Background Publicly reported quality data can help consumers make informed choices about where to seek medical care. The Centers for Medicare and Medicaid Services developed a composite Hospital Compare Overall Star Rating for US acute-care hospitals in 2016. However, patterns of performance and improvement have not been previously described.

Objective To characterise high-quality and low-quality hospitals as assessed by Star Ratings.

Design We performed a retrospective cross-sectional study of 3429 US acute-care hospitals assigned Overall Star Ratings in both 2016 and 2017. We used multivariable logistic regression models to identify characteristics associated with receiving 4 or 5 stars.

Results Small hospitals were more likely to receive 4 or 5 stars in 2016 (33% of small hospitals, 26% of medium hospitals and 21% of large hospitals, OR for medium 0.78, p=0.02, and for large, 0.61, p=0.003). Non-profit status (OR 1.37, p=0.01), midwest region (OR=2.30, p<0.001), west region (OR 1.30 in 2016, p=0.06) and system membership (OR 1.33, p=0.003) were associated with higher odds of achieving a higher Star Rating. Hospitals with the most Medicaid patients were markedly less likely to receive 4 or 5 stars (OR for highest quartile=0.32, p<0.001), and hospitals with the highest proportion of Medicare patients were somewhat less likely to do so (OR for highest quartile=0.68, p=0.01). These associations remained largely consistent over the first two years of reporting and were also associated with the highest likelihood of improvement.
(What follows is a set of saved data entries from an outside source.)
(* Let $A',B'$ be subspaces of a finite-dimensional Hilbert space $\mathcal{H}$, with orthogonal projectors $\Pi_{A'},\Pi_{B'}$, and let $0\le\epsilon<1$. Then there exists a (possibly zero) subspace $A\subseteq A'$ with the following properties. (a) For all $v\in A$, $\|\Pi_{B'}v\|_2^2\ge(1-\sqrt{\epsilon})\|v\|_2^2$. (b) Letting $B\subseteq B'$ be the subspace spanned by the vectors $\Pi_{B'}v$, $v\in A$, and $\Pi_B$ its orthogonal projector, $\Pi_B\le(1-\sqrt{\epsilon})^{-1}\Pi_{B'}\Pi_{A'}\Pi_{B'}$ (in the positive semidefinite order). (c) If $\rho$ is any positive operator with $\operatorname{Tr}\rho\le 1$, support contained in $A'$, and $\operatorname{Tr}[\rho\Pi_{B'}]\ge1-\epsilon$, then $A$ is nonzero and $\operatorname{Tr}[\rho\,\Pi_B]\ge1-2\sqrt{\epsilon}$. *)

theory Defs
  imports "HOL-Analysis.Analysis"
begin

text \<open>The finite-dimensional Hilbert space is modelled as complex^'n ('n a finite index type),
  with the standard inner product; its norm coincides with the library norm on complex^'n.
  Operators are complex matrices complex^'n^'n acting by *v.\<close>

definition cinner :: "complex^'n \<Rightarrow> complex^'n \<Rightarrow> complex" where
  "cinner x y = (\<Sum>i\<in>UNIV. cnj (x$i) * y$i)"

definition csubspace :: "(complex^'n) set \<Rightarrow> bool" where
  "csubspace S \<longleftrightarrow> 0 \<in> S \<and> (\<forall>x\<in>S. \<forall>y\<in>S. x + y \<in> S) \<and> (\<forall>c. \<forall>x\<in>S. c *s x \<in> S)"
lemma wide_D_pairs_card_le:
  assumes D: "direction_set D" and r: "9 / 10 < r"
  shows "finite {(v1, v2). D_pair D v1 v2 \<and> r < Im (cnj v1 * v2)}"
    and "card {(v1, v2). D_pair D v1 v2 \<and> r < Im (cnj v1 * v2)} \<le> 25"
proof -
  define P where "P = {(v1, v2). D_pair D v1 v2 \<and> r < Im (cnj v1 * v2)}"
  have narrow: "v1 \<bullet> v2 < 1 / 2" if "(v1, v2) \<in> P" for v1 v2
  proof -
    have p: "D_pair D v1 v2" "9 / 10 < Im (cnj v1 * v2)" using that r by (auto simp: P_def)
    have "(9 / 10)\<^sup>2 < (Im (cnj v1 * v2))\<^sup>2" using p(2) by (intro power_strict_mono) auto
    moreover have "(v1 \<bullet> v2)\<^sup>2 + (Im (cnj v1 * v2))\<^sup>2 = 1"
      using inner_sq_add_Im_cnj_mult_sq D_pair_unit[OF D p(1)] by blast
    ultimately have "(v1 \<bullet> v2)\<^sup>2 < (1 / 2)\<^sup>2" by (simp add: power_divide)
    then show ?thesis by (rule power2_less_imp_less) simp
  qed
  have inj: "inj_on fst P"
  proof (rule inj_onI)
    fix q q' assume "q \<in> P" "q' \<in> P" "fst q = fst q'"
    moreover obtain v1 v2 where "q = (v1, v2)" by fastforce
    moreover obtain w1 w2 where "q' = (w1, w2)" by fastforce
    ultimately show "q = q'" using D_pair_unique[OF D, of v1 v2 w2] by (simp add: P_def)
  qed
  have disc: "fst ` P \<subseteq> cball 0 1" using D_pair_unit(1)[OF D] by (force simp: P_def)
  have sep: "1 \<le> dist v1 w1" if m: "v1 \<in> fst ` P" "w1 \<in> fst ` P" and ne: "v1 \<noteq> w1"
    for v1 w1
  proof -
    obtain v2 w2 where p: "(v1, v2) \<in> P" and q: "(w1, w2) \<in> P"
      using m by (force simp: image_iff)
    have "v1 \<bullet> w1 < 1 / 2"
      using D_pair_firsts_inner_lt[OF D _ narrow[OF p] _ narrow[OF q] ne] p q by (simp add: P_def)
    moreover have "norm v1 = 1" "norm w1 = 1" using p q D_pair_unit[OF D] by (auto simp: P_def)
    ultimately have "1\<^sup>2 < (dist v1 w1)\<^sup>2" using dot_norm_neg[of v1 w1] by (simp add: dist_norm)
    then show ?thesis using power2_less_imp_less[of 1 "dist v1 w1"] by simp
  qed
  have "finite (fst ` P)" "card (fst ` P) \<le> 25"
    using card_separated_subset_unit_disc[OF disc sep] by blast+
  then show "finite P" "card P \<le> 25" using finite_imageD[OF _ inj] card_image[OF inj] by simp_all
qed


lemma translate_open_halfspace:
  fixes w :: "'a::real_inner"
  shows "(+) a ` {y. 0 < w \<bullet> y} = {y. w \<bullet> a < w \<bullet> y}"
proof (intro set_eqI iffI)
  fix y assume "y \<in> (+) a ` {y. 0 < w \<bullet> y}"
  then show "y \<in> {y. w \<bullet> a < w \<bullet> y}" by (auto simp: inner_add_right)
next
  fix y assume "y \<in> {y. w \<bullet> a < w \<bullet> y}"
  then show "y \<in> (+) a ` {y. 0 < w \<bullet> y}"
    by (intro image_eqI[of y _ "y - a"]) (auto simp: inner_diff_right)
qed

text \<open>The complement of a translated open half-plane is convex and contains 0 and p.\<close>
lemma translated_open_halfplane_misses_segment:
  assumes Q: "Q \<in> open_halfplanes v" and r: "0 \<le> r"
    and disj: "(+) a ` Q \<inter> (cball 0 r \<union> {p}) = {}"
  shows "(+) a ` Q \<inter> closed_segment 0 p = {}"
proof -
  have "\<exists>w. Q = {y. 0 < w \<bullet> y}"
  proof -
    from Q consider "Q = {y. 0 < (\<i> * v) \<bullet> y}" | "Q = {y. 0 < (- (\<i> * v)) \<bullet> y}"
      unfolding open_halfplanes_def Im_cnj_mult_eq_inner by auto
    then show ?thesis by cases blast+
  qed
  then obtain w where "Q = {y. 0 < w \<bullet> y}" ..
  then have aQ: "(+) a ` Q = - {y. w \<bullet> y \<le> w \<bullet> a}"
    by (auto simp: translate_open_halfspace)
  have "0 \<in> cball 0 r" using r by simp
  then have "0 \<notin> (+) a ` Q" "p \<notin> (+) a ` Q" using disj by blast+
  then have "closed_segment 0 p \<subseteq> {y. w \<bullet> y \<le> w \<bullet> a}"
    by (intro closed_segment_subset convex_halfspace_le) (simp_all add: aQ)
  then show ?thesis by (auto simp: aQ)
qed

lemma inner_le_inner_if_in_segment:
  fixes x p w :: "'a::real_inner"
  assumes "x \<in> closed_segment 0 p" "0 < x \<bullet> w"
  shows "x \<bullet> w \<le> p \<bullet> w"
proof -
  obtain l where l: "0 \<le> l" "l \<le> 1" "x = l *\<^sub>R p"
    using assms(1) by (auto simp: closed_segment_def)
  then have "0 < l * (p \<bullet> w)" using assms(2) by simp
  then have "0 < p \<bullet> w" using l(1) by (simp add: zero_less_mult_iff)
  then show ?thesis using l by (simp add: mult_left_le_one_le)
qed

lemma translated_pspan_add:
  assumes y: "y \<in> (+) a ` pspan u v" and "0 \<le> \<alpha>" "0 \<le> \<beta>"
  shows "y + \<alpha> *\<^sub>R u + \<beta> *\<^sub>R v \<in> (+) a ` pspan u v"
proof -
  obtain s t where st: "0 < s" "0 < t" "y = a + (s *\<^sub>R u + t *\<^sub>R v)"
    using y unfolding pspan_def by auto
  have "(s + \<alpha>) *\<^sub>R u + (t + \<beta>) *\<^sub>R v \<in> pspan u v"
    unfolding pspan_def using st assms(2,3) by force
  moreover have "y + \<alpha> *\<^sub>R u + \<beta> *\<^sub>R v = a + ((s + \<alpha>) *\<^sub>R u + (t + \<beta>) *\<^sub>R v)"
    using st by (simp add: algebra_simps)
  ultimately show ?thesis by simp
qed

lemma translated_pspan_segment_endpoint:
  fixes x p :: complex
  assumes x: "x \<in> (+) a ` pspan u v" "x \<in> closed_segment 0 p" "x \<noteq> 0"
    and xPQ: "x = P *\<^sub>R u + Q *\<^sub>R v" and PQ: "0 \<le> P" "0 \<le> Q"
  shows "p \<in> (+) a ` pspan u v"
proof -
  obtain l where l: "0 \<le> l" "l \<le> 1" "x = l *\<^sub>R p"
    using x(2) by (auto simp: closed_segment_def)
  then have "0 < l" using x(3) by (cases "l = 0") auto
  define \<mu> where "\<mu> = 1 / l - 1"
  have "0 \<le> \<mu>" using l \<open>0 < l\<close> by (simp add: \<mu>_def)
  have "p = x + \<mu> *\<^sub>R x" using l \<open>0 < l\<close> by (simp add: \<mu>_def algebra_simps)
  moreover have "\<mu> *\<^sub>R x = (\<mu> * P) *\<^sub>R u + (\<mu> * Q) *\<^sub>R v" by (simp add: xPQ scaleR_add_right)
  ultimately have p: "p = x + (\<mu> * P) *\<^sub>R u + (\<mu> * Q) *\<^sub>R v" by (simp add: add.assoc)
  show ?thesis
    unfolding p by (rule translated_pspan_add[OF x(1)]) (use PQ \<open>0 \<le> \<mu>\<close> in simp_all)
qed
Conclusions Small hospitals with fewer Medicaid patients had the highest odds of performing well on Star Ratings. Further monitoring of these trends is needed as patients, clinicians and policymakers strive to use this information to promote high-quality care.

  • quality measurement
  • healthcare quality improvement
  • health policy

Statistics from Altmetric.com

Introduction

Publicly reported quality data can help consumers around the world make informed choices about where to seek medical care.1 2 For example, in England the National Health Service Choices public reporting website allows consumers to view hospital performance on a number of key quality indicators including mortality, patient safety and patient experience.3 4 In Germany, hospitals are required to produce annual quality reports covering >400 quality indicators5; certain regions of Italy have well-developed quality reporting programmes6 7; some Canadian provinces publish quality report cards for select surgeries,8 and the Netherlands publicly reports a consumer quality index for each hospital.9 In the USA, the Centers for Medicare and Medicaid Services (CMS) has required public reporting of individual quality measures since 2004. However, in 2015, in an effort to condense these reports into a more consumer-friendly format, CMS released its first ever Hospital Star Rating, which simply assigned each US acute-care hospital a score from 1 star to 5 stars. The first release of the Star Rating only comprised patient experience scores.10 The following year, in July 2016, CMS released the first Overall Hospital Star Ratings, this time consolidating hospital performance on 57 quality measures across seven domains (mortality, safety, readmission, patient experience, effectiveness of care, timeliness of care and efficient use of medical imaging) into a single summary score, again from 1 star to 5 stars.11

The introduction of the Overall Hospital Star Rating was controversial.12 13 Academics and hospital leaders alike argued that the Star Ratings failed to capture some critical elements of quality while overweighting others, possibly leading to a skewed view of hospital performance.13 14 Concerns were also raised that hospitals that serve complex populations, such as teaching hospitals and safety-net hospitals,15 could be disproportionately penalised under Star Ratings due to the clinical severity and socioeconomic vulnerability of the patients they serve. While prior work has examined the Overall Star Ratings and their relationship to the local hospital environment,16 and patterns of performance have been reported in the lay press12 and from private groups,17 18 to our knowledge, there has been no previous peer-reviewed report that compares characteristics of hospitals that have performed well or poorly on the Overall Star Ratings, nor changes in Star Ratings over time.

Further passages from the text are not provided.